WHAT THE EXERCISE ASKS >>
Leave out every line that comes before the one containing "n \<alpha> \<le> \<pi>", and reproduce the rest of the listing below exactly, through its last line.

═════ EXCERPTED RECORDS ═════

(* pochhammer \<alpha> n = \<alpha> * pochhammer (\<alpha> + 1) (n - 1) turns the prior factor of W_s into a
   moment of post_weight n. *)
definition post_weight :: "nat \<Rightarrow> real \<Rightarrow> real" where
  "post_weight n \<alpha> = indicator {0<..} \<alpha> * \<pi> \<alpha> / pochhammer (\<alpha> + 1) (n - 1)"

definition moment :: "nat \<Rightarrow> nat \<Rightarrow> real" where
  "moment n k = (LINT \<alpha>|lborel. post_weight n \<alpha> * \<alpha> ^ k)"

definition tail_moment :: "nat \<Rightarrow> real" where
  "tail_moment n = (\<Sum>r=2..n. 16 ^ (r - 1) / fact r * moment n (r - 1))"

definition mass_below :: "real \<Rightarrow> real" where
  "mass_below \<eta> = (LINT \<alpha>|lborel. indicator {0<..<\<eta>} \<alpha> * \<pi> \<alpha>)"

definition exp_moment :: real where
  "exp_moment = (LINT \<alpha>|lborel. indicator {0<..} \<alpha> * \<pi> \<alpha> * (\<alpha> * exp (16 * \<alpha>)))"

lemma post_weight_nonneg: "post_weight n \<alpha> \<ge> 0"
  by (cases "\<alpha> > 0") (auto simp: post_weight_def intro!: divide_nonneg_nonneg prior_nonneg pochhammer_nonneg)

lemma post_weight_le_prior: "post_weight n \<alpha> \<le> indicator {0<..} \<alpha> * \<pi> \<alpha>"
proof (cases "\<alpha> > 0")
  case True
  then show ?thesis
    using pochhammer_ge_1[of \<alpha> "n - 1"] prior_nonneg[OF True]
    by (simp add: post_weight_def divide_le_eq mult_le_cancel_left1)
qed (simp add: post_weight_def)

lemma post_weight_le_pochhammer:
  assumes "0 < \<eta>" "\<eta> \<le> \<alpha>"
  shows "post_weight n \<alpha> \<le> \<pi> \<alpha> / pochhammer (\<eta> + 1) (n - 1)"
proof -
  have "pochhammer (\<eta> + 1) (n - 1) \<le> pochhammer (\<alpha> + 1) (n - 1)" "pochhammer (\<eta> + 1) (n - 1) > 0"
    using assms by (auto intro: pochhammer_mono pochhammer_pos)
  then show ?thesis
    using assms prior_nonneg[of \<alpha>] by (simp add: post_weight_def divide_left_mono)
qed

═════

YOUR SOLUTION >>
  shows "post_weight n \<alpha> \<le> \<pi> \<alpha> / pochhammer (\<eta> + 1) (n - 1)"
proof -
  have "pochhammer (\<eta> + 1) (n - 1) \<le> pochhammer (\<alpha> + 1) (n - 1)" "pochhammer (\<eta> + 1) (n - 1) > 0"
    using assms by (auto intro: pochhammer_mono pochhammer_pos)
  then show ?thesis
    using assms prior_nonneg[of \<alpha>] by (simp add: post_weight_def divide_left_mono)
qed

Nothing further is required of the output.